- _What you need to do_: Copy out all the lines of the data that hold the word "vertex".

(Saved data entries)
::::::
(* Let $G=(V,E)$ be a simple undirected graph with $V=\{1,\dots,|V|\}$, and let $t$ be the size of a maximum cut of $G$. Let $k=2|E||V|^2$ and construct the $(2k+|E|)\times 2|V|$ SNP matrix $M$ as follows. The first $k$ rows ($M_0$) consist of $|V|$ blocks of $k/|V|$ rows each; every row of the $j$-th block ($1\le j\le |V|$) has $0$ in columns $2j-1$ and $2j$ and holes everywhere else. The next $k$ rows ($M_1$) are defined identically but with $1$ instead of $0$. The final $|E|$ rows ($M_G$) correspond to the edges: for an edge $\{i,j\}$ with $i<j$, the row has $0$ in columns $2i-1,2i$, has $1$ in columns $2j-1,2j$, and for every $c\notin\{i,j\}$ has $0$ in column $2c-1$ and $1$ in column $2c$. Then $M$ is ungapped and $$\mathrm{Ungapped\text{-}MEC}(M)=|E|(|V|-2)+2(|E|-t).$$
   Context: An SNP matrix is a matrix with entries in $\{0,1,-\}$, `-' being a hole. For $X\in\{0,1,-\}^m$, $Y\in\{0,1\}^m$, $d(X,Y)$ counts positions where one is 0 and the other 1 (holes do not count). A matrix is feasible if there exist $H_1,H_2\in\{0,1\}^m$ such that every row $r$ satisfies $d(r,H_1)=0$ or $d(r,H_2)=0$. A flip changes a 0 entry to 1 or a 1 entry to 0 (never to or from a hole). A matrix is ungapped if in every row all holes occur at the start or end of the row. $\mathrm{Ungapped\text{-}MEC}(M)$ is the minimum number of flips needed to make $M$ feasible. *)

theory Defs
  imports Main "HOL-Library.Product_Lexorder"
begin

datatype snp = Zero | One | Hole

text \<open>A row is a list of entries; a matrix is a list of rows (all of length m).
  Haplotypes are 0/1 strings, represented as bool lists (True = 1).\<close>

definition snp_dist :: "snp list \<Rightarrow> bool list \<Rightarrow> nat" where
  "snp_dist X Y = card {i. i < length X \<and> i < length Y \<and>
      ((X ! i = Zero \<and> Y ! i) \<or> (X ! i = One \<and> \<not> Y ! i))}"

definition feasible :: "nat \<Rightarrow> snp list list \<Rightarrow> bool" where
  "feasible m M \<longleftrightarrow> (\<exists>H1 H2. length H1 = m \<and> length H2 = m \<and>
      (\<forall>r \<in> set M. snp_dist r H1 = 0 \<or> snp_dist r H2 = 0))"

definition flip_variant :: "snp list list \<Rightarrow> snp list list \<Rightarrow> bool" where
  "flip_variant M M' \<longleftrightarrow> list_all2 (\<lambda>r r'. length r = length r' \<and>
      (\<forall>c < length r. (r ! c = Hole) = (r' ! c = Hole))) M M'"

definition num_flips :: "snp list list \<Rightarrow> snp list list \<Rightarrow> nat" where
  "num_flips M M' = (\<Sum>(r, r') \<leftarrow> zip M M'. card {c. c < length r \<and> r ! c \<noteq> r' ! c})"

definition ungapped_MEC :: "nat \<Rightarrow> snp list list \<Rightarrow> nat" where
  "ungapped_MEC m M = (LEAST f. \<exists>M'. flip_variant M M' \<and> feasible m M' \<and> num_flips M M' = f)"

definition ungapped :: "snp list list \<Rightarrow> bool" where
  "ungapped M \<longleftrightarrow> (\<forall>r \<in> set M. \<exists>a mid b. r = replicate a Hole @ mid @ replicate b Hole
      \<and> Hole \<notin> set mid)"

definition simple_graph :: "nat \<Rightarrow> nat set set \<Rightarrow> bool" where
  "simple_graph n E \<longleftrightarrow> (\<forall>e \<in> E. \<exists>i j. e = {i, j} \<and> i \<noteq> j \<and> i \<in> {1..n} \<and> j \<in> {1..n})"

definition cut_size :: "nat set set \<Rightarrow> nat set \<Rightarrow> nat" where
  "cut_size E S = card {e \<in> E. \<exists>i j. e = {i, j} \<and> i \<in> S \<and> j \<notin> S}"

definition max_cut :: "nat \<Rightarrow> nat set set \<Rightarrow> nat" where
  "max_cut n E = Max {cut_size E S | S. S \<subseteq> {1..n}}"

text \<open>Columns are numbered 1..2n; column c is stored at list index c-1.\<close>

definition block_row :: "nat \<Rightarrow> snp \<Rightarrow> nat \<Rightarrow> snp list" where
  "block_row n x j = map (\<lambda>c. if c = 2*j - 1 \<or> c = 2*j then x else Hole) [1..<2*n+1]"

definition block_part :: "nat \<Rightarrow> nat \<Rightarrow> snp \<Rightarrow> snp list list" where
  "block_part n k x = concat (map (\<lambda>j. replicate (k div n) (block_row n x j)) [1..<n+1])"

definition edge_row :: "nat \<Rightarrow> nat \<Rightarrow> nat \<Rightarrow> snp list" where
  "edge_row n i j = map (\<lambda>c. let v = (c + 1) div 2 in
      if v = i then Zero else if v = j then One else if odd c then Zero else One) [1..<2*n+1]"

definition edge_list :: "nat set set \<Rightarrow> (nat \<times> nat) list" where
  "edge_list E = sorted_list_of_set {(i, j). i < j \<and> {i, j} \<in> E}"

definition reduction_matrix :: "nat \<Rightarrow> nat set set \<Rightarrow> snp list list" where
  "reduction_matrix n E = (let k = 2 * card E * n^2 in
      block_part n k Zero @ block_part n k One @ map (\<lambda>(i, j). edge_row n i j) (edge_list E))"

end

(* Each vertex v owns the two columns 2v-1 and 2v. For fixed haplotypes H1, H2 the cheapest
   correction moves every row to the nearer haplotype, so Ungapped-MEC is the minimum over
   haplotype pairs of the summed row distances. If on some vertex the pair is not of the form
   ((s, s), (~s, ~s)), then one of the 2|E||V| copies of a block row of v has positive distance
   to both haplotypes, which already costs 2|E||V|. Otherwise the pair encodes a vertex set S
   and its complement: block rows cost nothing, and an edge row costs |V| - 2 when the edge
   crosses the cut of S and |V| when it does not. Hence the optimum is |E||V| minus twice the
   maximum cut. *)
theory Submission
  imports Defs
begin

definition mismatch :: "snp \<Rightarrow> bool \<Rightarrow> bool" where
  "mismatch x b \<longleftrightarrow> (x = Zero \<and> b) \<or> (x = One \<and> \<not> b)"

lemma mismatch_simps [simp]:
  "mismatch Zero b = b" "mismatch One b = (\<not> b)" "\<not> mismatch Hole b"
  by (auto simp: mismatch_def)

lemma snp_dist_eq_sum:
  assumes "length Y = length X"
  shows "snp_dist X Y = (\<Sum>i<length X. of_bool (mismatch (X ! i) (Y ! i)))"
proof -
  have "snp_dist X Y = card ({..<length X} \<inter> {i. mismatch (X ! i) (Y ! i)})"
    unfolding snp_dist_def mismatch_def using assms by (intro arg_cong[where f = card]) auto
  then show ?thesis
    by simp
qed

lemma sum_lessThan_double:
  fixes f :: "nat \<Rightarrow> 'a::comm_monoid_add"
  shows "(\<Sum>i<2 * n. f i) = (\<Sum>v<n. f (2 * v) + f (Suc (2 * v)))"
  by (induction n) (simp_all add: add.assoc)

lemma snp_dist_eq_sum_pairs:
  assumes "length X = 2 * n" "length Y = 2 * n"
  shows "snp_dist X Y = (\<Sum>v<n. of_bool (mismatch (X ! (2 * v)) (Y ! (2 * v)))
                              + of_bool (mismatch (X ! Suc (2 * v)) (Y ! Suc (2 * v))))"
  using assms by (simp add: snp_dist_eq_sum sum_lessThan_double)

section \<open>Minimum error correction for fixed haplotypes\<close>

definition row_cost :: "bool list \<Rightarrow> bool list \<Rightarrow> snp list \<Rightarrow> nat" where
  "row_cost H1 H2 r = min (snp_dist r H1) (snp_dist r H2)"

definition matrix_cost :: "bool list \<Rightarrow> bool list \<Rightarrow> snp list list \<Rightarrow> nat" where
  "matrix_cost H1 H2 M = (\<Sum>r\<leftarrow>M. row_cost H1 H2 r)"

lemma matrix_cost_append [simp]:
  "matrix_cost H1 H2 (M @ N) = matrix_cost H1 H2 M + matrix_cost H1 H2 N"
  by (simp add: matrix_cost_def)

lemma num_flips_Nil [simp]: "num_flips [] [] = 0"
  by (simp add: num_flips_def)

lemma num_flips_Cons [simp]:
  "num_flips (r # M) (r' # M') =
    card {c. c < length r \<and> r ! c \<noteq> r' ! c} + num_flips M M'"
  by (simp add: num_flips_def)

lemma snp_dist_le_flips:
  assumes "length r' = length r" "\<forall>c < length r. (r ! c = Hole) = (r' ! c = Hole)"
    and "snp_dist r' H = 0"
  shows "snp_dist r H \<le> card {c. c < length r \<and> r ! c \<noteq> r' ! c}"
proof -
  have "\<not> mismatch (r' ! c) (H ! c)" if "c < length r" "c < length H" for c
    using assms(1,3) that unfolding snp_dist_def mismatch_def by auto
  then have "r ! c \<noteq> r' ! c" if "c < length r" "c < length H" "mismatch (r ! c) (H ! c)" for c
    using that by metis
  then show ?thesis
    unfolding snp_dist_def by (intro card_mono) (auto simp: mismatch_def)
qed

lemma matrix_cost_le_num_flips:
  assumes "flip_variant M M'" and "\<forall>r \<in> set M'. snp_dist r H1 = 0 \<or> snp_dist r H2 = 0"
  shows "matrix_cost H1 H2 M \<le> num_flips M M'"
  using assms unfolding flip_variant_def
proof (induction M M' rule: list_all2_induct)
  case Nil
  then show ?case
    by (simp add: matrix_cost_def)
next
  case (Cons r M r' M')
  have shape: "length r' = length r" "\<forall>c < length r. (r ! c = Hole) = (r' ! c = Hole)"
    using Cons.hyps(1) by auto
  have "snp_dist r H1 \<le> card {c. c < length r \<and> r ! c \<noteq> r' ! c}
      \<or> snp_dist r H2 \<le> card {c. c < length r \<and> r ! c \<noteq> r' ! c}"
    using Cons.prems snp_dist_le_flips[OF shape] by auto
  then have "row_cost H1 H2 r \<le> card {c. c < length r \<and> r ! c \<noteq> r' ! c}"
    unfolding row_cost_def min_le_iff_disj .
  then show ?case
    using Cons by (simp add: matrix_cost_def)
qed

definition correct_row :: "snp list \<Rightarrow> bool list \<Rightarrow> snp list" where
  "correct_row r H =
    map (\<lambda>c. if r ! c = Hole then Hole else if H ! c then One else Zero) [0..<length r]"

lemma snp_dist_correct_row: "snp_dist (correct_row r H) H = 0"
  unfolding snp_dist_def correct_row_def by auto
::::::
- _The answer_:
(* Each vertex v owns the two columns 2v-1 and 2v. For fixed haplotypes H1, H2 the cheapest
   haplotype pairs of the summed row distances. If on some vertex the pair is not of the form
   to both haplotypes, which already costs 2|E||V|. Otherwise the pair encodes a vertex set S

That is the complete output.